The second study involved patients diagnosed with mild cognitive impairment (MCI). In the study led by Dr. Hiroyuki Shimada of the National Center for Geriatrics & Gerontology in Japan, 47 adults between the ages of 65 and 93 were assigned to either a multifaceted exercise program or a no-exercise group for a year. The multifaceted program involved aerobic exercise, strength exercise and balance training. Those who weren’t involved in the exercise program simply took health classes. At the end of the study, those who were part of the exercise program showed improvements in memory and language skills.
In the study conducted by researchers at the University of British Columbia in Vancouver, women aged 70 to 80 (also with MCI) were divided into three groups: resistance training, aerobic training, or balance-and-tone training. The participants exercised two times a week for six months. After half a year, researchers found that those who did strength training reaped the most benefits. They did better on tests assessing attention, memory, and higher-order brain functions like conflict resolution. Women in strength training also showed increased function in three brain regions involved with memory.

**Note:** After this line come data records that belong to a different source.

lemma sum_scaleR_nonzero_noncollinear:
  fixes c :: "'i \<Rightarrow> 'b::real_vector"
  assumes "finite S" "S \<noteq> {}" "card S \<le> 2"
    and "\<And>i. i \<in> S \<Longrightarrow> w i > 0" "\<And>i. i \<in> S \<Longrightarrow> c i \<noteq> 0"
    and "\<And>i j. i \<in> S \<Longrightarrow> j \<in> S \<Longrightarrow> i \<noteq> j \<Longrightarrow> c i \<notin> span {c j}"
  shows "(\<Sum>i\<in>S. w i *\<^sub>R c i) \<noteq> 0"
proof -
  have "card S = 1 \<or> card S = 2"
    using assms(1-3) card_0_eq[of S] by linarith
  then show ?thesis
  proof
    assume "card S = 1"
    then obtain i where "S = {i}"
      by (auto simp: card_1_singleton_iff)
    then show ?thesis
      using assms(4,5) by simp
  next
    assume "card S = 2"
    then obtain i j where S: "S = {i, j}" "i \<noteq> j"
      by (auto simp: card_2_iff)
    show ?thesis
    proof
      assume "(\<Sum>i\<in>S. w i *\<^sub>R c i) = 0"
      then have "w i *\<^sub>R c i = - (w j *\<^sub>R c j)"
        using S by (simp add: eq_neg_iff_add_eq_0)
      then have "w i *\<^sub>R c i \<in> span {c j}"
        by (simp add: span_neg span_scale span_base)
      then have "inverse (w i) *\<^sub>R w i *\<^sub>R c i \<in> span {c j}"
        by (rule span_scale)
      moreover have "w i \<noteq> 0"
        using assms(4) S by fastforce
      ultimately have "c i \<in> span {c j}"
        by simp
      then show False
        using assms(6) S by auto
    qed
  qed
qed

lemma weighted_mean_in_convex_hull:
  fixes c :: "'i \<Rightarrow> 'b::real_vector"
  assumes "finite I" "\<And>i. i \<in> I \<Longrightarrow> w i \<ge> 0" "(\<Sum>i\<in>I. w i) > 0"
  shows "inverse (\<Sum>i\<in>I. w i) *\<^sub>R (\<Sum>i\<in>I. w i *\<^sub>R c i) \<in> convex hull (c ` I)"
proof -
  have "(\<Sum>i\<in>I. (inverse (\<Sum>i\<in>I. w i) * w i) *\<^sub>R c i) \<in> convex hull (c ` I)"
  proof (rule convex_sum[OF assms(1) convex_convex_hull])
    show "(\<Sum>i\<in>I. inverse (\<Sum>i\<in>I. w i) * w i) = 1"
      using assms(3) by (simp add: sum_distrib_left[symmetric])
    show "0 \<le> inverse (\<Sum>i\<in>I. w i) * w i" if "i \<in> I" for i
      using assms(2)[OF that] assms(3) by simp
    show "c i \<in> convex hull (c ` I)" if "i \<in> I" for i
      using that by (intro hull_inc imageI)
  qed
  then show ?thesis
    by (simp add: scaleR_sum_right)
qed

lemma infdist_lessE:
  assumes "A \<noteq> {}" "infdist x A < e"
  obtains a where "a \<in> A" "dist x a < e"
  using assms by (auto simp: infdist_notempty cINF_less_iff)

lemma openin_continuous_positive_exactly:
  fixes K V :: "'a::metric_space set"
  assumes "openin (top_of_set K) V"
  obtains w :: "'a \<Rightarrow> real" where "continuous_on K w" "\<And>x. w x \<ge> 0" "\<And>x. x \<in> K \<Longrightarrow> w x > 0 \<longleftrightarrow> x \<in> V"
proof -
  obtain U where U: "open U" "V = K \<inter> U"
    using assms by (auto simp: openin_open)
  show thesis
  proof (cases "U = UNIV")
    case True
    then show thesis
      using U by (intro that[of "\<lambda>_. 1"]) auto
  next
    case False
    then have "- U \<noteq> {}" "closed (- U)"
      using U(1) by auto
    then have "infdist x (- U) > 0 \<longleftrightarrow> x \<in> U" for x
      by (cases "x \<in> U") (auto intro: infdist_pos_not_in_closed)
    then show thesis
      using U(2) by (intro that[of "\<lambda>x. infdist x (- U)"] continuous_on_infdist continuous_on_id) (auto simp: infdist_nonneg)
  qed
qed

lemma openin_family_continuous_positive_exactly:
  fixes K :: "'a::metric_space set"
  assumes "\<And>V. V \<in> \<V> \<Longrightarrow> openin (top_of_set K) V"
  obtains w :: "'a set \<Rightarrow> 'a \<Rightarrow> real" where "\<And>V. V \<in> \<V> \<Longrightarrow> continuous_on K (w V)"
    "\<And>V x. V \<in> \<V> \<Longrightarrow> w V x \<ge> 0" "\<And>V x. V \<in> \<V> \<Longrightarrow> x \<in> K \<Longrightarrow> w V x > 0 \<longleftrightarrow> x \<in> V"
proof -
  have weights: "\<forall>V\<in>\<V>. \<exists>w::'a \<Rightarrow> real. continuous_on K w \<and> (\<forall>x. w x \<ge> 0) \<and> (\<forall>x\<in>K. w x > 0 \<longleftrightarrow> x \<in> V)"
    using openin_continuous_positive_exactly[OF assms] by metis
  obtain w :: "'a set \<Rightarrow> 'a \<Rightarrow> real"
    where w: "\<forall>V\<in>\<V>. continuous_on K (w V) \<and> (\<forall>x. w V x \<ge> 0) \<and> (\<forall>x\<in>K. w V x > 0 \<longleftrightarrow> x \<in> V)"
    using bchoice[OF weights] by blast
  show thesis
    by (rule that[of w]) (use w in blast)+
qed

lemma covering_dim_le_fine_cover:
  fixes K :: "'a::metric_space set"
  assumes "compact K" "covering_dim_le K n" "\<delta> > 0"
  obtains \<V> where "finite \<V>" "\<And>V. V \<in> \<V> \<Longrightarrow> openin (top_of_set K) V" "\<Union>\<V> = K"
    "\<And>V x y. V \<in> \<V> \<Longrightarrow> x \<in> V \<Longrightarrow> y \<in> V \<Longrightarrow> dist x y < \<delta>"
    "\<And>x. x \<in> K \<Longrightarrow> card {V \<in> \<V>. x \<in> V} \<le> n + 1"
proof -
  obtain T where T: "T \<subseteq> K" "finite T" "K \<subseteq> (\<Union>x\<in>T. ball x (\<delta>/2))"
  proof (rule compactE_image[OF assms(1), of K "\<lambda>x. ball x (\<delta>/2)"])
    show "K \<subseteq> (\<Union>x\<in>K. ball x (\<delta>/2))"
      using assms(3) by auto
  qed auto
  define \<U> where "\<U> = (\<lambda>x. K \<inter> ball x (\<delta>/2)) ` T"
  have \<U>: "finite \<U> \<and> (\<forall>U\<in>\<U>. openin (top_of_set K) U) \<and> \<Union>\<U> = K"
    using T by (auto simp: \<U>_def openin_open_Int)
  obtain \<V> where \<V>: "finite \<V>" "\<forall>V\<in>\<V>. openin (top_of_set K) V" "\<Union>\<V> = K"
      "\<forall>V\<in>\<V>. \<exists>U\<in>\<U>. V \<subseteq> U" "\<forall>x\<in>K. card {V \<in> \<V>. x \<in> V} \<le> n + 1"
    using assms(2)[unfolded covering_dim_le_def, rule_format, OF \<U>] by (elim exE conjE)
  have "dist x y < \<delta>" if V: "V \<in> \<V>" "x \<in> V" "y \<in> V" for V x y
  proof -
    obtain z where "V \<subseteq> ball z (\<delta>/2)"
      using \<V>(4) V(1) unfolding \<U>_def by blast
    then have "dist x z < \<delta>/2" "dist y z < \<delta>/2"
      using V(2,3) by (auto simp: dist_commute)
    then show ?thesis
      by (rule dist_triangle_half_l)
  qed
  then show thesis
    using \<V> by (intro that) auto
qed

The last study divided 155 community-dwelling women between the ages of 65 and 75 into two groups; one would do resistance training, and the other would do balance-and-tone training. After one year, researchers found that all of the women had improved memory function, but that those with better cognitive function in the first place did remarkably well under resistance training.
These four studies only serve to reiterate the importance of exercise. Strength training, in particular, seems to be the most effective.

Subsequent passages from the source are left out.